▶ [Task directions]:
Scan the material below for the word "intro", then copy every line in which it appears.

--- START ---

lemma gauss_mu_exp_mass_LIMSEQ:
  assumes lam_pos: "\<And>k. lam k > 0" and trace_class: "summable (\<lambda>k. 1 / lam k)" and \<nu>: "\<nu> \<ge> 0"
  shows "(\<lambda>m. \<Prod>k<m. lam k / (lam k + \<nu>)) \<longlonglongrightarrow> (\<integral>\<omega>. exp (- \<nu> * classical_mass lam \<omega>) \<partial>gauss_mu)"
proof -
  interpret prob_space gauss_mu
    by (rule prob_space_gauss_mu)
  have "(\<lambda>m. \<integral>\<omega>. exp (- \<nu> * (\<Sum>k<m. (cmod (\<omega> k))\<^sup>2 / lam k)) \<partial>gauss_mu)
      \<longlonglongrightarrow> (\<integral>\<omega>. exp (- \<nu> * classical_mass lam \<omega>) \<partial>gauss_mu)"
  proof (rule integral_dominated_convergence[where w = "\<lambda>_. 1"])
    show "(\<lambda>\<omega>. exp (- \<nu> * (\<Sum>k<m. (cmod (\<omega> k))\<^sup>2 / lam k))) \<in> borel_measurable gauss_mu" for m
      unfolding gauss_mu_def by measurable
    show "AE \<omega> in gauss_mu. (\<lambda>m. exp (- \<nu> * (\<Sum>k<m. (cmod (\<omega> k))\<^sup>2 / lam k)))
        \<longlonglongrightarrow> exp (- \<nu> * classical_mass lam \<omega>)"
      using AE_gauss_mu_summable_mass[OF lam_pos trace_class]
      by eventually_elim (auto simp: classical_mass_def intro!: tendsto_intros summable_LIMSEQ)
    show "AE \<omega> in gauss_mu. norm (exp (- \<nu> * (\<Sum>k<m. (cmod (\<omega> k))\<^sup>2 / lam k))) \<le> 1" for m
      using lam_pos \<nu> by (intro AE_I2) (simp add: less_imp_le sum_nonneg)
  qed auto
  then show ?thesis
    unfolding integral_gauss_mu_exp_partial_mass[OF lam_pos \<nu>] .
qed

lemma nonneg_has_sum_exhaustion:
  fixes f :: "'a \<Rightarrow> real"
  assumes nonneg: "\<And>x. x \<in> A \<Longrightarrow> 0 \<le> f x"
    and mono: "incseq B" and subset: "\<And>m. B m \<subseteq> A"
    and exhaust: "\<And>X. finite X \<Longrightarrow> X \<subseteq> A \<Longrightarrow> \<exists>m. X \<subseteq> B m"
    and partial: "\<And>m. (f has_sum s m) (B m)" and lim: "s \<longlonglongrightarrow> L"
  shows "(f has_sum L) A"
proof -
  have nonneg_B: "0 \<le> f x" if "x \<in> B m" for x m
    using nonneg subset that by blast
  have "incseq s"
    unfolding incseq_def
  proof (intro allI impI)
    fix m m' :: nat
    assume "m \<le> m'"
    then show "s m \<le> s m'"
      using mono nonneg_B by (intro has_sum_mono'[OF partial partial]) (auto simp: incseq_def)
  qed
  then have s_le: "s m \<le> L" for m
    using lim by (rule incseq_le)
  have finite_le: "sum f X \<le> L" if X: "finite X" "X \<subseteq> A" for X
  proof -
    obtain m where "X \<subseteq> B m"
      using exhaust[OF X] by blast
    then have "sum f X \<le> s m"
      using X nonneg_B by (intro finite_sum_le_has_sum[OF partial]) auto
    with s_le[of m] show ?thesis
      by linarith
  qed
  have summable: "f summable_on A"
    using nonneg finite_le by (intro nonneg_bdd_above_summable_on bdd_aboveI) auto
  have "s m \<le> infsum f A" for m
    using partial subset nonneg by (intro has_sum_mono'[OF partial has_sum_infsum[OF summable]]) auto
  then have "L \<le> infsum f A"
    using lim by (intro LIMSEQ_le_const2) auto
  moreover have "infsum f A \<le> L"
    using summable finite_le by (rule infsum_le_finite_sums)
  ultimately show ?thesis
    using summable by (metis has_sum_infsum order_antisym)
qed

lemma has_sum_prod_geometric_PiE:
  fixes q :: "'a \<Rightarrow> real"
  assumes A: "finite A" and q: "\<And>k. k \<in> A \<Longrightarrow> 0 \<le> q k \<and> q k < 1"
  shows "((\<lambda>n. \<Prod>k\<in>A. q k ^ n k) has_sum (\<Prod>k\<in>A. 1 / (1 - q k))) (PiE A (\<lambda>_. UNIV))"
proof -
  have geometric: "((\<lambda>j. q k ^ j) has_sum (1 / (1 - q k))) UNIV" if "k \<in> A" for k
    using q[OF that] by (intro sums_nonneg_imp_has_sum geometric_sums) auto
  have "(\<lambda>j. norm (q k ^ j)) summable_on UNIV" if "k \<in> A" for k
    using has_sum_imp_summable[OF geometric[OF that]] q[OF that] by (simp add: norm_power)
  then have "infsum (\<lambda>n. \<Prod>k\<in>A. q k ^ n k) (PiE A (\<lambda>_. UNIV)) = (\<Prod>k\<in>A. infsum (\<lambda>j. q k ^ j) UNIV)"
    using A by (rule infsum_prod_PiE_abs[rotated])
  also have "\<dots> = (\<Prod>k\<in>A. 1 / (1 - q k))"
    using geometric by (intro prod.cong refl infsumI)
  finally have infsum_eq: "infsum (\<lambda>n. \<Prod>k\<in>A. q k ^ n k) (PiE A (\<lambda>_. UNIV)) = (\<Prod>k\<in>A. 1 / (1 - q k))" .
  have summable: "(\<lambda>n. \<Prod>k\<in>A. q k ^ n k) summable_on (PiE A (\<lambda>_. UNIV))"
  proof (rule ccontr)
    assume "\<not> (\<lambda>n. \<Prod>k\<in>A. q k ^ n k) summable_on (PiE A (\<lambda>_. UNIV))"
    then have "(\<Prod>k\<in>A. 1 / (1 - q k)) = 0"
      unfolding infsum_eq[symmetric] by (rule infsum_not_exists)
    moreover have "(\<Prod>k\<in>A. 1 / (1 - q k)) > 0"
      by (intro prod_pos) (simp add: q)
    ultimately show False
      by simp
  qed
  from has_sum_infsum[OF summable] show ?thesis
    unfolding infsum_eq .
qed

definition occupations_below :: "nat \<Rightarrow> (nat \<Rightarrow> nat) set" where
  "occupations_below m = {n. \<forall>k\<ge>m. n k = 0}"

lemma occupations_below_subset: "occupations_below m \<subseteq> occupations"
proof
  fix n
  assume "n \<in> occupations_below m"
  then have "{k. n k \<noteq> 0} \<subseteq> {..<m}"
    by (auto simp: occupations_below_def not_less[symmetric])
  then show "n \<in> occupations"
    unfolding occupations_def by (auto intro: finite_subset)
qed

lemma incseq_occupations_below: "incseq occupations_below"
  by (auto simp: incseq_def occupations_below_def)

--- END ---

▶ [Your response]:
      by eventually_elim (auto simp: classical_mass_def intro!: tendsto_intros summable_LIMSEQ)
      using lam_pos \<nu> by (intro AE_I2) (simp add: less_imp_le sum_nonneg)
  proof (intro allI impI)
      using mono nonneg_B by (intro has_sum_mono'[OF partial partial]) (auto simp: incseq_def)
      using X nonneg_B by (intro finite_sum_le_has_sum[OF partial]) auto
    using nonneg finite_le by (intro nonneg_bdd_above_summable_on bdd_aboveI) auto
    using partial subset nonneg by (intro has_sum_mono'[OF partial has_sum_infsum[OF summable]]) auto
    using lim by (intro LIMSEQ_le_const2) auto
    using q[OF that] by (intro sums_nonneg_imp_has_sum geometric_sums) auto
    using geometric by (intro prod.cong refl infsumI)
      by (intro prod_pos) (simp add: q)
    unfolding occupations_def by (auto intro: finite_subset)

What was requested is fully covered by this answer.